- _WHAT YOU WILL DO_: Every line from the beginning of the data through the line containing "using poisson_kernel_le_annulus[OF l N] ." should be reproduced exactly, and no further lines should be output.

- _THE DATA_:

lemma poisson_kernel_le_annuli:
  assumes l: "0 < l" "l \<le> 1" and N: "1/2 < 2^N * l"
  shows "poisson_kernel l \<theta> t \<le> (\<Sum>k<Suc N. 4 / (4^k * l) * indicator {t. circle_dist (t - \<theta>) < 2^k * l} t)"
proof -
  obtain k where "k < Suc N"
    "poisson_kernel l \<theta> t \<le> 4 / (4^k * l) * indicator {t. circle_dist (t - \<theta>) < 2^k * l} t"
    using poisson_kernel_le_annulus[OF l N] .
  moreover have "4 / (4^k * l) * indicator {t. circle_dist (t - \<theta>) < 2^k * l} t
      \<le> (\<Sum>k<Suc N. 4 / (4^k * l) * indicator {t. circle_dist (t - \<theta>) < 2^k * l} t)"
    using \<open>k < Suc N\<close> l by (intro member_le_sum) auto
  ultimately show ?thesis by linarith
qed

section \<open>Dyadic arcs\<close>

lemma real_plus_one_le_power2: "j < 2^n \<Longrightarrow> real j + 1 \<le> 2^n"
  by (metis Suc_leI of_nat_Suc of_nat_le_iff of_nat_numeral of_nat_power add.commute)

lemma sets_borel_dyadic [measurable]: "dyadic n j \<in> sets borel"
  by (simp add: dyadic_def)

lemma mem_dyadic_iff_floor: "t \<in> dyadic n j \<longleftrightarrow> \<lfloor>2^n * t\<rfloor> = int j"
  unfolding dyadic_def floor_eq_iff by (auto simp: field_simps)

lemma dyadic_subset_unit: "j < 2^n \<Longrightarrow> dyadic n j \<subseteq> {0..<1}"
  using real_plus_one_le_power2[of j n] unfolding dyadic_def by (auto simp: field_simps)

lemma dyadic_floor_index:
  assumes "0 \<le> t" "t < 1"
  shows "nat \<lfloor>2^n * t\<rfloor> < 2^n" "t \<in> dyadic n (nat \<lfloor>2^n * t\<rfloor>)"
  using assms by (auto simp: mem_dyadic_iff_floor nat_less_iff floor_less_iff)

lemma dyadic_subset_ancestor: "dyadic (n + s) j \<subseteq> dyadic n (j div 2^s)"
proof
  fix t assume "t \<in> dyadic (n + s) j"
  then have "\<lfloor>2^(n + s) * t\<rfloor> = int j" by (simp add: mem_dyadic_iff_floor)
  moreover have "\<lfloor>2^(n + s) * t / 2^s\<rfloor> = \<lfloor>2^(n + s) * t\<rfloor> div 2^s"
    using floor_divide_real_eq_div[of "2^s" "2^(n + s) * t"] by simp
  ultimately have "\<lfloor>2^n * t\<rfloor> = int j div 2^s"
    by (simp add: power_add)
  then show "t \<in> dyadic n (j div 2^s)" by (simp add: mem_dyadic_iff_floor zdiv_int)
qed

lemma arc_eq_interval:
  assumes "0 \<le> a" "0 < l" "a + l \<le> 1"
  shows "arc a l = {a..<a + l}"
proof (intro set_eqI iffI)
  fix t assume t: "t \<in> arc a l"
  then have "0 \<le> t" "t < 1" "frac (t - a) < l" by (auto simp: arc_def)
  moreover have "frac (t - a) = t - a + 1" if "t < a"
    using that assms \<open>0 \<le> t\<close> by (subst frac_unique_iff) auto
  ultimately show "t \<in> {a..<a + l}" using assms by (cases "a \<le> t") (auto simp: frac_eq)
next
  fix t assume "t \<in> {a..<a + l}"
  then show "t \<in> arc a l" using assms by (auto simp: arc_def frac_eq)
qed

lemma arc_dyadic: "j < 2^n \<Longrightarrow> arc (real j / 2^n) (1 / 2^n) = dyadic n j"
  using real_plus_one_le_power2[of j n]
  by (subst arc_eq_interval) (auto simp: dyadic_def field_simps)

lemma interval_subset_arc:
  assumes "x - a - \<delta> \<in> \<int>" "0 \<le> \<delta>" "\<delta> + h \<le> l" "l \<le> 1"
  shows "{x..<x + h} \<inter> {0..<1} \<subseteq> arc a l"
proof
  fix t assume t: "t \<in> {x..<x + h} \<inter> {0..<1}"
  have "t - a - (t - x + \<delta>) \<in> \<int>" using assms(1) by (simp add: algebra_simps)
  then have "frac (t - a) = t - x + \<delta>"
    using t assms by (subst frac_unique_iff) auto
  then show "t \<in> arc a l" using t assms by (auto simp: arc_def)
qed

lemma ex_dyadic_point_above:
  obtains J \<delta> where "J < 2^G" "0 \<le> \<delta>" "\<delta> < 1 / 2^G" "real J / 2^G - a - \<delta> \<in> \<int>"
proof -
  define c where "c = \<lceil>2^G * frac a\<rceil>"
  define \<delta> where "\<delta> = c / 2^G - frac a"
  have "0 \<le> 2^G * frac a" by simp
  then have c: "0 \<le> c" "c < 2^G * frac a + 1" "2^G * frac a \<le> c"
    using ceiling_correct[of "2^G * frac a"] unfolding c_def by linarith+
  have "\<delta> = (c - 2^G * frac a) / 2^G" by (simp add: \<delta>_def field_simps)
  then have \<delta>: "0 \<le> \<delta>" "\<delta> < 1 / 2^G"
    using c by (simp_all add: divide_strict_right_mono)
  have "int (nat c mod 2^G) = c mod 2^G" using c(1) by (simp add: zmod_int)
  then have "real (nat c mod 2^G) = of_int (c - 2^G * (c div 2^G))"
    by (metis minus_mult_div_eq_mod of_int_of_nat_eq)
  then have "real (nat c mod 2^G) / 2^G - a - \<delta> = of_int (- (c div 2^G) - \<lfloor>a\<rfloor>)"
    by (simp add: \<delta>_def frac_def field_simps)
  then show ?thesis using that[of "nat c mod 2^G" \<delta>] \<delta> by simp
qed

lemma ex_dyadic_subset_arc:
  assumes "0 < l" "l \<le> 1"
  obtains G J where "J < 2^G" "l \<le> 4 / 2^G"
    "circle_dist (real J / 2^G - (a + l/2)) \<le> l/2" "dyadic G J \<subseteq> arc a l"
proof -
  obtain G where "2^G \<le> 4/l" "4/l < 2^Suc G"
    using ex_power2_bracket[of "4/l"] assms by auto
  then have l: "l \<le> 4 / 2^G" "2 / 2^G < l"
    using assms by (auto simp: field_simps)
  obtain J \<delta> where J: "J < 2^G" and \<delta>: "0 \<le> \<delta>" "\<delta> < 1 / 2^G"
    and int: "real J / 2^G - a - \<delta> \<in> \<int>"
    using ex_dyadic_point_above .
  from int obtain m where m: "real J / 2^G - a - \<delta> = of_int m" by (auto elim: Ints_cases)
  have "circle_dist (real J / 2^G - (a + l/2)) \<le> \<bar>\<delta> - l/2\<bar>"
    using circle_dist_le[of "real J / 2^G - (a + l/2)" m] m by simp
  also have "\<dots> \<le> l/2" using \<delta> l by (simp add: abs_le_iff)
  finally have "circle_dist (real J / 2^G - (a + l/2)) \<le> l/2" .
  moreover have "dyadic G J \<subseteq> {real J / 2^G..<real J / 2^G + 1 / 2^G} \<inter> {0..<1}"
    using dyadic_subset_unit[OF J] by (auto simp: dyadic_def add_divide_distrib)
  moreover have "\<dots> \<subseteq> arc a l"
    using int \<delta> l assms by (intro interval_subset_arc) auto
  ultimately show ?thesis using that J l by blast
qed

lemma circle_ball_subset_dyadic_scale:
  assumes "circle_dist (x - \<theta>) \<le> l/2" "0 < l" "l \<le> 4 / 2^(g + (k + 3))"
  shows "{t. circle_dist (t - \<theta>) < 2^k * l} \<subseteq> {t. circle_dist (t - x) < 1 / 2^g}"
proof safe
  fix t assume t: "circle_dist (t - \<theta>) < 2^k * l"
  have "1 * l \<le> 2^k * l" using assms(2) by (intro mult_right_mono) simp_all
  have "circle_dist (t - x) \<le> circle_dist (t - \<theta>) + circle_dist (x - \<theta>)"
    using circle_dist_triangle[of "t - \<theta>" "\<theta> - x"] circle_dist_minus[of "\<theta> - x"] by simp
  also have "\<dots> < 2^k * l + 2^k * l"
    using t assms(1,2) \<open>1 * l \<le> 2^k * l\<close> by linarith
  also have "\<dots> = 2^(k + 1) * l" by simp
  also have "\<dots> \<le> 2^(k + 1) * (4 / 2^(g + (k + 3)))" using assms by (intro mult_left_mono) auto
  also have "\<dots> = 1 / 2^g" by (simp add: power_add field_simps)
  finally show "circle_dist (t - x) < 1 / 2^g" .
qed

lemma circle_ball_subset_dyadic_neighbours:
  fixes x :: real and g :: nat
  assumes "0 \<le> x" "x < 1"
  defines "X \<equiv> nat \<lfloor>2^g * x\<rfloor>"
  shows "{t. circle_dist (t - x) < 1 / 2^g} \<inter> {0..<1} \<subseteq>
           dyadic g X \<union> dyadic g ((X + 1) mod 2^g) \<union> dyadic g ((X + 2^g - 1) mod 2^g)"
proof
  fix t assume t: "t \<in> {t. circle_dist (t - x) < 1 / 2^g} \<inter> {0..<1}"
  define T where "T = nat \<lfloor>2^g * t\<rfloor>"
  define N :: int where "N = 2^g"
  define d where "d = int T - int X - N * round (t - x)"
  have T: "T < 2^g" "t \<in> dyadic g T" "X < 2^g" "x \<in> dyadic g X"
    using t assms dyadic_floor_index by (auto simp: T_def X_def)
  then have floors: "\<lfloor>2^g * t\<rfloor> = int T" "\<lfloor>2^g * x\<rfloor> = int X"
    by (simp_all add: mem_dyadic_iff_floor)
  have "\<bar>2^g * t - 2^g * x - of_int N * of_int (round (t - x))\<bar>
          = \<bar>2^g * (t - x - of_int (round (t - x)))\<bar>"
    by (simp add: N_def algebra_simps)
  also have "\<dots> = 2^g * circle_dist (t - x)"
    by (simp add: abs_mult circle_dist_def)
  also have "\<dots> < 1"
    using t by (simp add: field_simps)
  finally have "\<bar>2^g * t - 2^g * x - of_int N * of_int (round (t - x))\<bar> < 1" .
  then have "\<bar>of_int d :: real\<bar> < 2"
    using floors floor_le_iff[of "2^g * t"] by (simp add: d_def abs_less_iff) linarith
  then have d: "d = -1 \<or> d = 0 \<or> d = 1" by linarith
  have "int T = int T mod N" using T by (simp add: N_def)
  also have "\<dots> = (int X + d) mod N" by (simp add: d_def mod_eq_dvd_iff)
  finally have TX: "int T = (int X + d) mod N" .
  have "T = X \<or> T = (X + 1) mod 2^g \<or> T = (X + 2^g - 1) mod 2^g"
  proof -
    have "int ((X + 2^g - 1) mod 2^g) = (int X - 1 + N) mod N"
      by (simp add: N_def zmod_int of_nat_diff add.commute add_increasing algebra_simps)
    moreover have "int ((X + 1) mod 2^g) = (int X + 1) mod N"
      by (simp add: N_def zmod_int add.commute)
    ultimately show ?thesis
      using d TX T by (auto simp: N_def)
  qed
  then show "t \<in> dyadic g X \<union> dyadic g ((X + 1) mod 2^g) \<union> dyadic g ((X + 2^g - 1) mod 2^g)"
    using T by auto
qed

text \<open>The branch of dyadic arcs that always descends into the half of relative mass p.\<close>

fun light_branch :: "nat \<Rightarrow> nat" where
  "light_branch 0 = 0"
| "light_branch (Suc n) = 2 * light_branch n + (if odd n then 0 else 1)"

lemma light_branch_less: "light_branch n < 2^n"
  by (induction n) auto

lemma light_branch_div: "light_branch (m + s) div 2^s = light_branch m"
proof (induction s)
  case (Suc s)
  have "light_branch (m + Suc s) div 2^Suc s = light_branch (m + s) div 2^s"
    by (simp add: div_mult2_eq)
  then show ?case using Suc by simp
qed simp

lemma light_branch_ancestor: "m \<le> n \<Longrightarrow> light_branch n div 2^(n - m) = light_branch m"
  using light_branch_div[of m "n - m"] by simp

lemma poisson_kernel_ge_on_ancestor:
  assumes "m \<le> n" "t \<in> dyadic m (j div 2^(n - m))"
  shows "4^m / (41 * 2^n) \<le> poisson_kernel (1 / 2^n) (real j / 2^n + (1 / 2^n) / 2) t"
proof -
  define \<theta> where "\<theta> = real j / 2^n + (1 / 2^n) / 2"
  have "\<theta> \<in> dyadic n j" by (simp add: \<theta>_def dyadic_def field_simps)
  then have "\<theta> \<in> dyadic m (j div 2^(n - m))"
    using dyadic_subset_ancestor[of m "n - m" j] assms(1) by auto
  with assms(2) have "\<bar>2^m * t - 2^m * \<theta>\<bar> < 1"
    by (auto simp: mem_dyadic_iff_floor floor_eq_iff)
  also have "\<bar>2^m * t - 2^m * \<theta>\<bar> = 2^m * \<bar>t - \<theta>\<bar>"
    by (simp add: abs_mult flip: right_diff_distrib)
  finally have "\<bar>t - \<theta>\<bar> \<le> 1 / 2^m" by (simp add: field_simps)
  have q: "(1 / 2^m)^2 = (1 / 4^m :: real)"
    by (simp add: power_divide power2_eq_square flip: power_mult_distrib)
  from \<open>\<bar>t - \<theta>\<bar> \<le> 1 / 2^m\<close> have "(t - \<theta>)^2 \<le> 1 / 4^m"
    unfolding q[symmetric] by (metis abs_ge_zero power2_abs power_mono)
  moreover have "pi^2 \<le> 10"
    using pi_approx mult_mono[of pi "3.15" pi "3.15"] by (simp add: power2_eq_square)
  ultimately have "pi^2 * (t - \<theta>)^2 \<le> 10 * (1 / 4^m)"
    by (intro mult_mono) auto
  moreover have "(1 / 2^n)^2 \<le> (1 / 4^m :: real)"
    unfolding q[symmetric] using assms(1) by (intro power_mono) (simp_all add: field_simps)
  ultimately have "(1 / 2^n)^2 + 4 * pi^2 * (t - \<theta>)^2 \<le> 41 / 4^m"
    by (simp add: mult.assoc)
  moreover have "0 < (1 / 2^n)^2 + 4 * pi^2 * (t - \<theta>)^2"
    by (intro add_pos_nonneg) auto
  ultimately have "(1 / 2^n) / (41 / 4^m) \<le> (1 / 2^n) / ((1 / 2^n)^2 + 4 * pi^2 * (t - \<theta>)^2)"
    by (intro divide_left_mono mult_pos_pos) auto
  also have "\<dots> \<le> poisson_kernel (1 / 2^n) \<theta> t"
    by (rule poisson_kernel_ge) auto
  finally show ?thesis by (simp add: \<theta>_def field_simps)
qed

section \<open>Masses of dyadic arcs\<close>

locale sigma_p_measure =
  fixes p :: real and M :: "real measure"
  assumes p_pos: "0 < p" and p_less_half: "p < 1/2" and sigma: "sigma_meas p M"
begin

lemma sets_M [measurable_cong, simp]: "sets M = sets borel"
  using sigma by (simp add: sigma_meas_def)

lemma space_M [simp]: "space M = UNIV"
  using sets_eq_imp_space_eq[OF sets_M] by simp

sublocale prob_space M
  using sigma by (simp add: sigma_meas_def)

lemma measure_Int_unit:
  assumes "A \<in> sets borel"
  shows "measure M (A \<inter> {0..<1}) = measure M A"
proof -
  have "measure M (space M - {0..<1}) = 0"
    using prob_compl[of "{0..<1}"] sigma by (simp add: sigma_meas_def)
  then have "UNIV - {0..<1} \<in> null_sets M"
    by (auto simp: emeasure_eq_measure)
  moreover have "A \<inter> {0..<1} = A - (UNIV - {0..<1})" by auto
  ultimately show ?thesis
    using assms by (simp add: measure_Diff_null_set)
qed

definition mass :: "nat \<Rightarrow> nat \<Rightarrow> real" where
  "mass n j = measure M (dyadic n j)"

lemma mass_nonneg: "0 \<le> mass n j"
  by (simp add: mass_def)

lemma mass_root: "mass 0 0 = 1"
  using sigma by (simp add: sigma_meas_def mass_def dyadic_def)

- _REPLY_:
lemma poisson_kernel_le_annuli:
  assumes l: "0 < l" "l \<le> 1" and N: "1/2 < 2^N * l"
  shows "poisson_kernel l \<theta> t \<le> (\<Sum>k<Suc N. 4 / (4^k * l) * indicator {t. circle_dist (t - \<theta>) < 2^k * l} t)"
proof -
  obtain k where "k < Suc N"
    "poisson_kernel l \<theta> t \<le> 4 / (4^k * l) * indicator {t. circle_dist (t - \<theta>) < 2^k * l} t"
    using poisson_kernel_le_annulus[OF l N] .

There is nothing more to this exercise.